Exercise prompt
Only lines holding the string "commute" are wanted; copy each one from the material.

Source data
=== Begin Enclosure ===
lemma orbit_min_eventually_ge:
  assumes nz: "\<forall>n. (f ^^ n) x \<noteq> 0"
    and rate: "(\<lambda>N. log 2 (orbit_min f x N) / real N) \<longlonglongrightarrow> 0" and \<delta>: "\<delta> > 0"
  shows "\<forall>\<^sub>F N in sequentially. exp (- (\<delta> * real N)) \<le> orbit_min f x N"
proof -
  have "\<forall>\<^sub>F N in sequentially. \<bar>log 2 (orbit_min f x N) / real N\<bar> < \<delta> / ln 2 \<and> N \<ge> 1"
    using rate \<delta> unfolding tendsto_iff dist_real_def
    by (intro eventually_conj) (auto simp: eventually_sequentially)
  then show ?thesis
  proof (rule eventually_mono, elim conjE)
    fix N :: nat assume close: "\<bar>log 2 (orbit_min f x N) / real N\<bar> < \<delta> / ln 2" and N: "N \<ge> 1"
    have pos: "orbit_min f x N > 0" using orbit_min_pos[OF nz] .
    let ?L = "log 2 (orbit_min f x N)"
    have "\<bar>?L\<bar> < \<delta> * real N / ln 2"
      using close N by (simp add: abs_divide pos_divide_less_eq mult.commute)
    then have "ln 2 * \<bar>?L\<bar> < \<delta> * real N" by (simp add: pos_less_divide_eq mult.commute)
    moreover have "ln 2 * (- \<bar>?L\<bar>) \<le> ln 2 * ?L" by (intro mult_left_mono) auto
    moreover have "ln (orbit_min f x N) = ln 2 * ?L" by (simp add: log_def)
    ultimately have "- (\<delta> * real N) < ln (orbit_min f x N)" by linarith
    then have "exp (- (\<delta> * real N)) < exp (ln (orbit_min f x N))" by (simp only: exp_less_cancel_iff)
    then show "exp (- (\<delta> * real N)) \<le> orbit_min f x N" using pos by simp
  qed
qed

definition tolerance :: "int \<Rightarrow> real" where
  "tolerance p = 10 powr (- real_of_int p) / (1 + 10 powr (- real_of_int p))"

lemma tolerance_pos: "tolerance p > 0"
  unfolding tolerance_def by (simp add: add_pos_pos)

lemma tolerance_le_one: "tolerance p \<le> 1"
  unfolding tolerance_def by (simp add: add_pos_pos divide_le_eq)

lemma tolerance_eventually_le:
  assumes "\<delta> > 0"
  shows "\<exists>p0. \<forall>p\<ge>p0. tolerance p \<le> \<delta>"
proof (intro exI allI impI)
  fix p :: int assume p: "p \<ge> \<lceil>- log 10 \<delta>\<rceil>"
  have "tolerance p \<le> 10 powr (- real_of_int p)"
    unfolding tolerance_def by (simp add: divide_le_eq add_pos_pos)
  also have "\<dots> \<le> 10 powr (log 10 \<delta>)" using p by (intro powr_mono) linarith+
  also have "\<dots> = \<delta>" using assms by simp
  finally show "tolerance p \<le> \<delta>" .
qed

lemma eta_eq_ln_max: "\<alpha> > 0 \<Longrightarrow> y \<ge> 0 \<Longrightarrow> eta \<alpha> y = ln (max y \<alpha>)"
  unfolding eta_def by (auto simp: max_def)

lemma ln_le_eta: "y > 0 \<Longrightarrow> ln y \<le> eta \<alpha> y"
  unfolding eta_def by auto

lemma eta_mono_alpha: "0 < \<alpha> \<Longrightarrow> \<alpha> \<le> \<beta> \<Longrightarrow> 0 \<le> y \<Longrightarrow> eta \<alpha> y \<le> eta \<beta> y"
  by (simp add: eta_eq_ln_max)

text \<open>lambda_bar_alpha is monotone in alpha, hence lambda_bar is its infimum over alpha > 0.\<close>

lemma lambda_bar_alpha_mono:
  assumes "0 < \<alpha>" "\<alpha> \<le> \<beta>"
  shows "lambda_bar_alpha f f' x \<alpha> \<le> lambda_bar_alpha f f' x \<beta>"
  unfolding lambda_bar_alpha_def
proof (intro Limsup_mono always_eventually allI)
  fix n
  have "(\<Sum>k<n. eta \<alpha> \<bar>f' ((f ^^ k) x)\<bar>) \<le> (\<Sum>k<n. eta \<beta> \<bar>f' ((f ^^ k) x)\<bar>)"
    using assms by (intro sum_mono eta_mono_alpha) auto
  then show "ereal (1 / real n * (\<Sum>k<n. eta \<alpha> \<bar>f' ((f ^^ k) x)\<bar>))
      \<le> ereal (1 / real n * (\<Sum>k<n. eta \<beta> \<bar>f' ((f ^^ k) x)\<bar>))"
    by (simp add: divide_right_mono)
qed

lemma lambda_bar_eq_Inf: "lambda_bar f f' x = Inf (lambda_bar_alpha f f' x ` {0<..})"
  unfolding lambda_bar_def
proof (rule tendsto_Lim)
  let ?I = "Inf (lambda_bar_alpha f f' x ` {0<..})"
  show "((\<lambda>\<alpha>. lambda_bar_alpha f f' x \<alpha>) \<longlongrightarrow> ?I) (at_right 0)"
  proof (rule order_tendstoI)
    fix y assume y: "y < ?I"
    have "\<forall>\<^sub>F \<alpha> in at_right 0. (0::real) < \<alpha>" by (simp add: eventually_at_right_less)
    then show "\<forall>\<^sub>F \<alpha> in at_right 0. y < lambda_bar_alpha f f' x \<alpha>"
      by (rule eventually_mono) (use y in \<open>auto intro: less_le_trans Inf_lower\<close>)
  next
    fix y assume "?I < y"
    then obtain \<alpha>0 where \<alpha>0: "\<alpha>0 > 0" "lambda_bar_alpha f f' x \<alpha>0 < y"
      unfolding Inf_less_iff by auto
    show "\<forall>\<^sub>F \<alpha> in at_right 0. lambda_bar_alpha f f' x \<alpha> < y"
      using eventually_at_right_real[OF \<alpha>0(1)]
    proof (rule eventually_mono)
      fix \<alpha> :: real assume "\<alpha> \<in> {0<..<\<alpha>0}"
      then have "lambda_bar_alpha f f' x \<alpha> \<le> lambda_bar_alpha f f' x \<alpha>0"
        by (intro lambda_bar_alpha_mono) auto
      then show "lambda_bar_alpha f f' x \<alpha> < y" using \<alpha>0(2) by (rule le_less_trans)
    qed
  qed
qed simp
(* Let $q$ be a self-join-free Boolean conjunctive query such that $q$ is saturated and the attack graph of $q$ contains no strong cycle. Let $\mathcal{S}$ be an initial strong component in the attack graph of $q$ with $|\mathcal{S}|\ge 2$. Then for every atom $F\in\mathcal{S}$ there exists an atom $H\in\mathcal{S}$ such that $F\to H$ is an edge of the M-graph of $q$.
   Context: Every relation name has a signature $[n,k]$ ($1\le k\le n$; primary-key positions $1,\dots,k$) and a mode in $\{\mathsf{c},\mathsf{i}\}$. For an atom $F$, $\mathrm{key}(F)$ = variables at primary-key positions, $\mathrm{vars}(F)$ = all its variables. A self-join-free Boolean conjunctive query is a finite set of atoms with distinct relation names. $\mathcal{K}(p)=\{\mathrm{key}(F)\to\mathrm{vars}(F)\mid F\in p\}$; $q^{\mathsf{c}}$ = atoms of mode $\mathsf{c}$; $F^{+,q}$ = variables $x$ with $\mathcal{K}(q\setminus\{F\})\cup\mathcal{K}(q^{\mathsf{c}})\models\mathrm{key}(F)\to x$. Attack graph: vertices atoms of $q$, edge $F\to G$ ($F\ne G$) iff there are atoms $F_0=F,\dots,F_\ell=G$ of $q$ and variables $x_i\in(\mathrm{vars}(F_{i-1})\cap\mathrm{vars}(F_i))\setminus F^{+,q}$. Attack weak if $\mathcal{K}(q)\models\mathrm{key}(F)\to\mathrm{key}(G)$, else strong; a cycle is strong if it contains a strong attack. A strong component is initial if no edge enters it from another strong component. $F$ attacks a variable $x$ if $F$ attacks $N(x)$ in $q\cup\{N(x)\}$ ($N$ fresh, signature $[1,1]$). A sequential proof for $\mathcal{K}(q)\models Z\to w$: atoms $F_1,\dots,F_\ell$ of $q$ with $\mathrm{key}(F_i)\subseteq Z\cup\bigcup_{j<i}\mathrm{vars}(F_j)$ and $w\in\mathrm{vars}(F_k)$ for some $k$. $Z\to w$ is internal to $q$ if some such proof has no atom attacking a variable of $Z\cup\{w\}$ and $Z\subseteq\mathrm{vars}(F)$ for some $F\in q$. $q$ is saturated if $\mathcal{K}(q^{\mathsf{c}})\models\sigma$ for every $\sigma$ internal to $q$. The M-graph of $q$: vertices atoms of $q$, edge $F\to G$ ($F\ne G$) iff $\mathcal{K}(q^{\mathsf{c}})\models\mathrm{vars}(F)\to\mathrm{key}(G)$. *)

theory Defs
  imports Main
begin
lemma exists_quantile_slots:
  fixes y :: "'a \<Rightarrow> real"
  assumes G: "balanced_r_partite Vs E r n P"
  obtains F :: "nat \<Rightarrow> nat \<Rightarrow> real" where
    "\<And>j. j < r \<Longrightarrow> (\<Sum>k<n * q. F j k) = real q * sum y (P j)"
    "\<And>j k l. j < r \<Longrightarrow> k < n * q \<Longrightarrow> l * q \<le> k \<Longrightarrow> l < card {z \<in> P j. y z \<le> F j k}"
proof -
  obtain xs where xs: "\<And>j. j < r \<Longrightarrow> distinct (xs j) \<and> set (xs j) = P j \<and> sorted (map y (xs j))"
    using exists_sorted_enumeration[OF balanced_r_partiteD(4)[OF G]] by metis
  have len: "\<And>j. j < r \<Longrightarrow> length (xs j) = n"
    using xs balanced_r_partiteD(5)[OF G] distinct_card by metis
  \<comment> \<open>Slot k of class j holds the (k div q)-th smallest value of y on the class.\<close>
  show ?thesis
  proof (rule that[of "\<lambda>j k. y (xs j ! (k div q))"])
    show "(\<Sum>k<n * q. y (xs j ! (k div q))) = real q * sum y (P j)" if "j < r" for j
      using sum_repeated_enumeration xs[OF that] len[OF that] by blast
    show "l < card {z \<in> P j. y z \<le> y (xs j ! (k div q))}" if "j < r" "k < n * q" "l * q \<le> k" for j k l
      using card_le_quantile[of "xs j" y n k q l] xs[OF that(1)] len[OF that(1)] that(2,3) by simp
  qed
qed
=== End Enclosure ===
Exercise result
      using close N by (simp add: abs_divide pos_divide_less_eq mult.commute)
    then have "ln 2 * \<bar>?L\<bar> < \<delta> * real N" by (simp add: pos_less_divide_eq mult.commute)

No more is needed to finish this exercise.